Given an input string (s) and a pattern (p), implement regular expression matching with support for '.' and '*'.

'.' Matches any single character.
'*' Matches zero or more of the preceding element.

The matching should cover the entire input string (not partial).

Note:

s could be empty and contains only lowercase letters a-z.
p could be empty and contains only lowercase letters a-z, and characters like . or *.

Example 1:

Input:
s = "aa"
p = "a"
Output: false
Explanation: "a" does not match the entire string "aa".

Example 2:

Input:
s = "aa"
p = "a*"
Output: true
Explanation: '*' means zero or more of the precedeng element, 'a'. Therefore, by repeating 'a' once, it becomes "aa".

Example 3:

Input:
s = "ab"
p = ".*"
Output: true
Explanation: ".*" means "zero or more (*) of any character (.)".

Example 4:

Input:
s = "aab"
p = "c*a*b"
Output: true
Explanation: c can be repeated 0 times, a can be repeated 1 time.
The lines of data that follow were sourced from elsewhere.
lemma P2_span: "S \<subseteq> set ws \<Longrightarrow> y \<in> span (set us \<union> S) \<Longrightarrow> P2 y \<in> span S"
proof -
  assume S: "S \<subseteq> set ws" and y: "y \<in> span (set us \<union> S)"
  have "P2 ` (set us \<union> S) \<subseteq> insert 0 S" using P2(3,4) S by (auto simp: span_base)
  then have "span (P2 ` (set us \<union> S)) \<subseteq> span S" by (metis span_insert_0 span_mono)
  then show ?thesis using pair.linear_span_image[OF P2(1)] y by blast
qed

lemma diagonal_block_ws:
  assumes "basis_trace B f = 0"
  shows "\<exists>Y. lin Y \<and> (\<forall>x. Y x \<in> U2) \<and> (\<forall>x\<in>U2. N2 (Y x) - Y (N2 x) = P2 (f x))"
proof -
  define c where "c k = representation (set ws) (P2 (f (ws!k))) (ws!k)" for k
  have "P2 (f (ws!k)) - scale (c k) (ws!k) \<in> span (set (drop (Suc k) ws))" if "k < length ws" for k
    unfolding c_def
    by (rule span_drop_leading_coeff[OF distinct_ws independent_ws that P2_span[OF set_drop_subset f_ws[OF that]]])
  moreover have "(\<Sum>k<length ws. c k) = 0"
    using assms trace_eq_trace_ws_block
    by (simp add: c_def sum.distinct_set_conv_list[OF distinct_ws] sum_list_sum_nth atLeast0LessThan)
  ultimately show ?thesis
    using commutator_with_shift[OF distinct_ws independent_ws N2(1,2) f_lin_on[OF U2_sub P2(1,2)]]
    by blast
qed

lemma off_diagonal_block_us_ws:
  "\<exists>Z. lin Z \<and> (\<forall>x. Z x \<in> U2) \<and> (\<forall>x\<in>U1. Z x + N2 (Z x) - Z (N1 x) = P2 (f x))"
proof -
  obtain R where R: "\<forall>y. R y \<in> U2" "\<forall>y\<in>U2. R y + scale 1 (N2 (R y)) = y"
    using one_plus_shift_invertible[OF distinct_ws independent_ws N2(1,2), of 1] by blast
  have T: "lin (\<lambda>y. y + scale 1 (N2 y))"
    using pair.linear_compose_add[OF linear_ident pair.linear_compose_scale_right[OF N2(1)]] .
  show ?thesis
    using sylvester_with_shift[OF distinct_us independent_us N1(1,2) T subspace_span, where R=R,
        OF _ _ f_lin_on[OF U1_sub P2(1,2)], where d=1] R by simp
qed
Therefore it matches "aab".

Example 5:

Input:
s = "mississippi"
p = "mis*is*p*."
Output: false

Solution

class Solution {
    public boolean isMatch(String s, String p) {
        if (s == null || p == null) return false;
        boolean[][] dp = new boolean[s.length()+1][p.length()+1];
        dp[0][0] = true;
        for (int i = 1; i < p.length(); i++) {
            if (p.charAt(i) == '*' && dp[0][i-1]) dp[0][i+1] = true;
        }
        for (int i = 0; i < s.length(); i++) {
            for (int j = 0; j < p.length(); j++) {
                // '.' or same char
                if (p.charAt(j) == '.' || p.charAt(j) == s.charAt(i)) {
                    dp[i+1][j+1] = dp[i][j];
                } else if (j != 0 && p.charAt(j) == '*') {
                    if (p.charAt(j-1) != s.charAt(i) && p.charAt(j-1) != '.') {
                        dp[i+1][j+1] = dp[i+1][j-1];
                    } else {
                        //multiple s.charAt(i) or none s.charAt(i)
                        dp[i+1][j+1] = dp[i][j+1] || dp[i+1][j-1]; 
                    }
                }
            }
        }
        return dp[s.length()][p.length()];
    }
}